## Task prompt:
Your answer must consist of every line from the data below that includes the word "zeros".

/---

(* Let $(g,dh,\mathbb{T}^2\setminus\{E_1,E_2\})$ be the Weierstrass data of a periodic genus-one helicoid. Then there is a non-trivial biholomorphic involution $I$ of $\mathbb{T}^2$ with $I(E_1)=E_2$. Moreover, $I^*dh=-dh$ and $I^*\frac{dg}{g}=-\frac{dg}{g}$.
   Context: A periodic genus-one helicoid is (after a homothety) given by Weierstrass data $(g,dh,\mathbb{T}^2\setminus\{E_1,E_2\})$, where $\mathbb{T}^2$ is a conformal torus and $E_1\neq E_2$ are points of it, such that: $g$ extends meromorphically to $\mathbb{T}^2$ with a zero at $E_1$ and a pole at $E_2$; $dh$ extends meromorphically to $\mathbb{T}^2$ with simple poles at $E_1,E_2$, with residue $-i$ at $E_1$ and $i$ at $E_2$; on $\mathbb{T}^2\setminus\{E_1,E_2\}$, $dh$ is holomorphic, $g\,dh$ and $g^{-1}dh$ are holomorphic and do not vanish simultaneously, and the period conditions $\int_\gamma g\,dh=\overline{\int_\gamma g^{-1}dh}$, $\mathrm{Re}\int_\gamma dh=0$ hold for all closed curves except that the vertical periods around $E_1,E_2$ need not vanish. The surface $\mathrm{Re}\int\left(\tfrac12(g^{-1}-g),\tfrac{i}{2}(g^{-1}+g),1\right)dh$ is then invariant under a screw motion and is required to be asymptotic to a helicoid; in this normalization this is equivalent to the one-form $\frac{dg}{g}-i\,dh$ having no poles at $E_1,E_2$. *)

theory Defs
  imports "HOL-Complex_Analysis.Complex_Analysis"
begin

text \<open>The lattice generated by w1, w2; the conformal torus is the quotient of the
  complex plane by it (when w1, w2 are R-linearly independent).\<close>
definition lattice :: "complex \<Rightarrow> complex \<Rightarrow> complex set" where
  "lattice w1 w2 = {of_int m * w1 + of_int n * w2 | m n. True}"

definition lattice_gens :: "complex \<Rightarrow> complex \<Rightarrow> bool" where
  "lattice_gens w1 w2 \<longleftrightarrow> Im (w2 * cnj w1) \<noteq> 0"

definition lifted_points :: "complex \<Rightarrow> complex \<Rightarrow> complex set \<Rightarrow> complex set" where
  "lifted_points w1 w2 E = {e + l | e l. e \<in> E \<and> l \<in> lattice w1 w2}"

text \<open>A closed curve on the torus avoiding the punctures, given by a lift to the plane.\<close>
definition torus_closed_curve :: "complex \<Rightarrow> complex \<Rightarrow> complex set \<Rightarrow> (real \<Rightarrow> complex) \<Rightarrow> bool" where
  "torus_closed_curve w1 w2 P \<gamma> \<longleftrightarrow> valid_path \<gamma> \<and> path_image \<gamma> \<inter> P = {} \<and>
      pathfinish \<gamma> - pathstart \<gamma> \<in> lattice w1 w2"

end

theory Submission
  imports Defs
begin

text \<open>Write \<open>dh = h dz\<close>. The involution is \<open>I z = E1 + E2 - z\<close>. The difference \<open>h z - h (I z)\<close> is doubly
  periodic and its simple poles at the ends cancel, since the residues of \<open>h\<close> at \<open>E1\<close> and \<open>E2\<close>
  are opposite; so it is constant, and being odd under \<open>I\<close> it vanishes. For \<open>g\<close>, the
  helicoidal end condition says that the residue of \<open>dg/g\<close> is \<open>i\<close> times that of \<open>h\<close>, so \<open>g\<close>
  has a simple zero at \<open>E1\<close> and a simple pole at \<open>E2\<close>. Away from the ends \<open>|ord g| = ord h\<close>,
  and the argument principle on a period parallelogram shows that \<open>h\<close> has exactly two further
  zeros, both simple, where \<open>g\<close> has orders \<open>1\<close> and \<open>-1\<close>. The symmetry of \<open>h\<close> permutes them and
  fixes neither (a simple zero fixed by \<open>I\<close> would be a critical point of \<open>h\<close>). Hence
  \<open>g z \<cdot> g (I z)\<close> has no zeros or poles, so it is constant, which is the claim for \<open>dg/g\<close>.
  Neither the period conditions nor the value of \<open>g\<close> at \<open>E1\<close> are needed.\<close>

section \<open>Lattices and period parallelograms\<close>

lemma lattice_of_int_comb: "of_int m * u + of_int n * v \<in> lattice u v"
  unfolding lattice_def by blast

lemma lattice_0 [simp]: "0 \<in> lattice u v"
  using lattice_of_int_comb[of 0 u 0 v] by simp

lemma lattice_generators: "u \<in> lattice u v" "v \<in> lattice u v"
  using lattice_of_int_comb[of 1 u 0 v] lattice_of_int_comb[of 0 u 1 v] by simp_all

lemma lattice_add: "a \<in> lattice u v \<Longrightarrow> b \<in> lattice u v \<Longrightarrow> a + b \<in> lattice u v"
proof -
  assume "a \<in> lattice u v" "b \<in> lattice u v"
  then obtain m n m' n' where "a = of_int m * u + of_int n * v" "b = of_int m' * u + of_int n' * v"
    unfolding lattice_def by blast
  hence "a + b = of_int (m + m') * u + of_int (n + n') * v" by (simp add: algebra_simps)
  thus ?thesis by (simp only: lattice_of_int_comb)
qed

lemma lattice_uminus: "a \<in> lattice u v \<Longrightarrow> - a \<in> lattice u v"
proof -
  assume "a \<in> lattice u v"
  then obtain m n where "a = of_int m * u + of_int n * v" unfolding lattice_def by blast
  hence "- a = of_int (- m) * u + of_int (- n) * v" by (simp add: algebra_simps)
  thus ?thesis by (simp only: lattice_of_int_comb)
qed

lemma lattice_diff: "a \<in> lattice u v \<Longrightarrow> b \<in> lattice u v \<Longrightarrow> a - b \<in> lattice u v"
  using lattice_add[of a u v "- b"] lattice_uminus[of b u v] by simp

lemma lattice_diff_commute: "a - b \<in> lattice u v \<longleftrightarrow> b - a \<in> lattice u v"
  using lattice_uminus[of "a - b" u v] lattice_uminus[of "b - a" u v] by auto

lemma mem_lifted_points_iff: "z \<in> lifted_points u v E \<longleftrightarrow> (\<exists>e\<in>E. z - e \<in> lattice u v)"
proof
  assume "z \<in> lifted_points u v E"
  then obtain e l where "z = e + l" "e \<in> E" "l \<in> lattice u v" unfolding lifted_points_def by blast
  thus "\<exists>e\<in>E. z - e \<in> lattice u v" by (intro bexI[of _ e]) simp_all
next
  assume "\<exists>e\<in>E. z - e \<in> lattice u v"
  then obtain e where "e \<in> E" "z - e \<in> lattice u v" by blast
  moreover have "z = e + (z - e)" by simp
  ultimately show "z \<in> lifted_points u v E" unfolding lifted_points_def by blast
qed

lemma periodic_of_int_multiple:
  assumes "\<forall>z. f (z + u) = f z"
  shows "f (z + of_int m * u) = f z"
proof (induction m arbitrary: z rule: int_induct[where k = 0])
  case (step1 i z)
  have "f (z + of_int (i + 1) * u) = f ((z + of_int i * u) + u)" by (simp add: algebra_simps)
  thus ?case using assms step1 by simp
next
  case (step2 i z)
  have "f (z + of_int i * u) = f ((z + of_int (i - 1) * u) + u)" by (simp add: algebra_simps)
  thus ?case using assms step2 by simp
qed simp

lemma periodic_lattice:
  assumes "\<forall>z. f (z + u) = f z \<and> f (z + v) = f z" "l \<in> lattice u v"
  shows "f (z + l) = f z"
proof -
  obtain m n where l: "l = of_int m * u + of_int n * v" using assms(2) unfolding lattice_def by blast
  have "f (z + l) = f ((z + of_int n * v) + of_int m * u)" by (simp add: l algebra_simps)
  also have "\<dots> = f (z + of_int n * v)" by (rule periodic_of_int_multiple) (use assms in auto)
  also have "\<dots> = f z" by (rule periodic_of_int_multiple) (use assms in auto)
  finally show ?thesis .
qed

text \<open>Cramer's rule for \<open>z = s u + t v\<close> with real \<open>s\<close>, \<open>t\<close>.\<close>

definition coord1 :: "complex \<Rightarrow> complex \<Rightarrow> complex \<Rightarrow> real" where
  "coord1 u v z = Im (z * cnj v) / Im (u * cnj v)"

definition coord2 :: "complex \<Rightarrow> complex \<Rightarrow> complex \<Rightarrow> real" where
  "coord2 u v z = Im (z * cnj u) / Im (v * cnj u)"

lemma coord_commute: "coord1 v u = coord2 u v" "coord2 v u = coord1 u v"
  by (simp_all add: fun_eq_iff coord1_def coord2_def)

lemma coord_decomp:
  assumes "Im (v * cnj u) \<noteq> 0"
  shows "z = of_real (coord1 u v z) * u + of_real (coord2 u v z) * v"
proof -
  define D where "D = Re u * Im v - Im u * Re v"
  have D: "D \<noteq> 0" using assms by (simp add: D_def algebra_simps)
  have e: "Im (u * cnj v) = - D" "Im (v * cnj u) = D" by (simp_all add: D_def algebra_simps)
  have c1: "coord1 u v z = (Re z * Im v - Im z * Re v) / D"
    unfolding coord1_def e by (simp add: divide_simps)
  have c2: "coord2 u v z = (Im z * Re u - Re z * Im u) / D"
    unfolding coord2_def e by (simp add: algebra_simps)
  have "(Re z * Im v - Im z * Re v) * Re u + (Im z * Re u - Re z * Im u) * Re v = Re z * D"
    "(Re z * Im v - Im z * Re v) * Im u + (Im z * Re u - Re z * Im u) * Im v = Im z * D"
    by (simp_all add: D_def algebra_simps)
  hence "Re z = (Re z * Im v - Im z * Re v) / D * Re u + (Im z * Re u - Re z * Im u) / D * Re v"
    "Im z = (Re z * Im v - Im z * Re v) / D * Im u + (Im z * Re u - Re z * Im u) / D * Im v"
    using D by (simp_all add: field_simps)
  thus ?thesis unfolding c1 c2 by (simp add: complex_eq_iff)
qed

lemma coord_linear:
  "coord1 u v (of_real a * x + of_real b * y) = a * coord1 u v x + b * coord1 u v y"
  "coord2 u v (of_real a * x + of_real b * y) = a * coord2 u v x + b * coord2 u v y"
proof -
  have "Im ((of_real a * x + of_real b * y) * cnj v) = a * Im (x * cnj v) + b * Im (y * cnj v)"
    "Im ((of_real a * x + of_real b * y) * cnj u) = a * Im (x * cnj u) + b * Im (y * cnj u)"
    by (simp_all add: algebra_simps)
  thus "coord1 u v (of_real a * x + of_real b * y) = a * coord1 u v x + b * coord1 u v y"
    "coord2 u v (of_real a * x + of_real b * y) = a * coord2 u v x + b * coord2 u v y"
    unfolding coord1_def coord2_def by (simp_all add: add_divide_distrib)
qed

\---
/---

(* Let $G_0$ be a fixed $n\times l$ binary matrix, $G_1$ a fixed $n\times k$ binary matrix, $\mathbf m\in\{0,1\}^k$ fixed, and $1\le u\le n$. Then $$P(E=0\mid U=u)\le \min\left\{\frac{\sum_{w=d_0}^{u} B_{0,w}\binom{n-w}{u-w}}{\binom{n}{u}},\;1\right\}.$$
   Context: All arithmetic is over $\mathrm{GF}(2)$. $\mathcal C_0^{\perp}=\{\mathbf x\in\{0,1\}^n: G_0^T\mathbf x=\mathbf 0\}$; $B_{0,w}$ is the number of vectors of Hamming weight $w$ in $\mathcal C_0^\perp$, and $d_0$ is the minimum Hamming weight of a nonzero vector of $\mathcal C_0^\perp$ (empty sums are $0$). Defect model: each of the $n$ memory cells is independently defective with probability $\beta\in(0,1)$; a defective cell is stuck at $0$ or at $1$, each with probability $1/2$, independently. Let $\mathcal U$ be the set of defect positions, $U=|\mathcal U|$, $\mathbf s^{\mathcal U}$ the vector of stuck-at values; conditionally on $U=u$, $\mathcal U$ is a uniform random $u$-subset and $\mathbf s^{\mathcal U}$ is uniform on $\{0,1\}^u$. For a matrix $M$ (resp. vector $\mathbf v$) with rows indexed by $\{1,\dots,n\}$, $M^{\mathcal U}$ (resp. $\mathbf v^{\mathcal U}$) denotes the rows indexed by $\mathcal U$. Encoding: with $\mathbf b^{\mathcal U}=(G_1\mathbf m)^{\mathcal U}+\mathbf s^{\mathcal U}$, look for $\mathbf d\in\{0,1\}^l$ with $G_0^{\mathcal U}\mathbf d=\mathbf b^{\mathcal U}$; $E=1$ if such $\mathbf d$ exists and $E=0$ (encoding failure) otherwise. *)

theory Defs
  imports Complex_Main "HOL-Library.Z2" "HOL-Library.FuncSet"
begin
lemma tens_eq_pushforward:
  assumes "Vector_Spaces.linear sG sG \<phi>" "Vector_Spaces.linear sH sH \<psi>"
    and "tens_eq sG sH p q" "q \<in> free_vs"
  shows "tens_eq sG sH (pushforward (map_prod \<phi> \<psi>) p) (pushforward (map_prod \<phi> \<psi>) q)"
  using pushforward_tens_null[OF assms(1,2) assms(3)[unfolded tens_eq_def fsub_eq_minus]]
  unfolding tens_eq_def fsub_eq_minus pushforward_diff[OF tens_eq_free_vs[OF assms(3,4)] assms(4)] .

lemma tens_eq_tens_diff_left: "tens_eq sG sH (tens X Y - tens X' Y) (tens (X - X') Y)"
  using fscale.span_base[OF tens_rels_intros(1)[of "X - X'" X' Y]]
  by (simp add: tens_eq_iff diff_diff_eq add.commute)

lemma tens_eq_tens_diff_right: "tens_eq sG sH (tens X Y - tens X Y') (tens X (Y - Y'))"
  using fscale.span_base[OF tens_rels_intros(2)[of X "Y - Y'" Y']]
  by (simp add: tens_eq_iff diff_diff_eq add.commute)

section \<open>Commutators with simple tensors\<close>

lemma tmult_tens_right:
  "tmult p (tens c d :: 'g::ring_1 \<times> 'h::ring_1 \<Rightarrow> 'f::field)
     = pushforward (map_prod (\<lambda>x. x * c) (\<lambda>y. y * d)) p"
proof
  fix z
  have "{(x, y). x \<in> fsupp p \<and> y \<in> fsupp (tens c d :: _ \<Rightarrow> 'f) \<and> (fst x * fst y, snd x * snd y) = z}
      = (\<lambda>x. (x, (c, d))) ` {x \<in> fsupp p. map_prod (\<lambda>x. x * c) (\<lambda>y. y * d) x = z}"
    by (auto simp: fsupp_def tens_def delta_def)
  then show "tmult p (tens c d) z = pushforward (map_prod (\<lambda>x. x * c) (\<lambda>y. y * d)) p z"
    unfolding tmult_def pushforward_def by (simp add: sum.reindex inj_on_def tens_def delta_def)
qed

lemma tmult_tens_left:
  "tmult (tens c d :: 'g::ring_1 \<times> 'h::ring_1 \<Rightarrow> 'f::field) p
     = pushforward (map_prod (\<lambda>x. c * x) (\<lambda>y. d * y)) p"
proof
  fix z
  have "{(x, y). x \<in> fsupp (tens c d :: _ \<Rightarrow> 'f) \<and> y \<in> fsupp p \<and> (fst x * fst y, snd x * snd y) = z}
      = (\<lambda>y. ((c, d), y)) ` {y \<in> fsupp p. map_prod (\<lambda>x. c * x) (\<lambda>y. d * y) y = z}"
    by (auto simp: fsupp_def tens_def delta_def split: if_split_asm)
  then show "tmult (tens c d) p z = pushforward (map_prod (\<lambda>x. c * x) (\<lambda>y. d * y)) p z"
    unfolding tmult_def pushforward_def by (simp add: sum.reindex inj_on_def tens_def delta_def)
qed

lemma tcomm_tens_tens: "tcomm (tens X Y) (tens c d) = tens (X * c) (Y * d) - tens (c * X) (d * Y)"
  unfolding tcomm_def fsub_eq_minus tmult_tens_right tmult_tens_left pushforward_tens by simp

\---

## Problem solution:
  zeros, both simple, where \<open>g\<close> has orders \<open>1\<close> and \<open>-1\<close>. The symmetry of \<open>h\<close> permutes them and
  \<open>g z \<cdot> g (I z)\<close> has no zeros or poles, so it is constant, which is the claim for \<open>dg/g\<close>.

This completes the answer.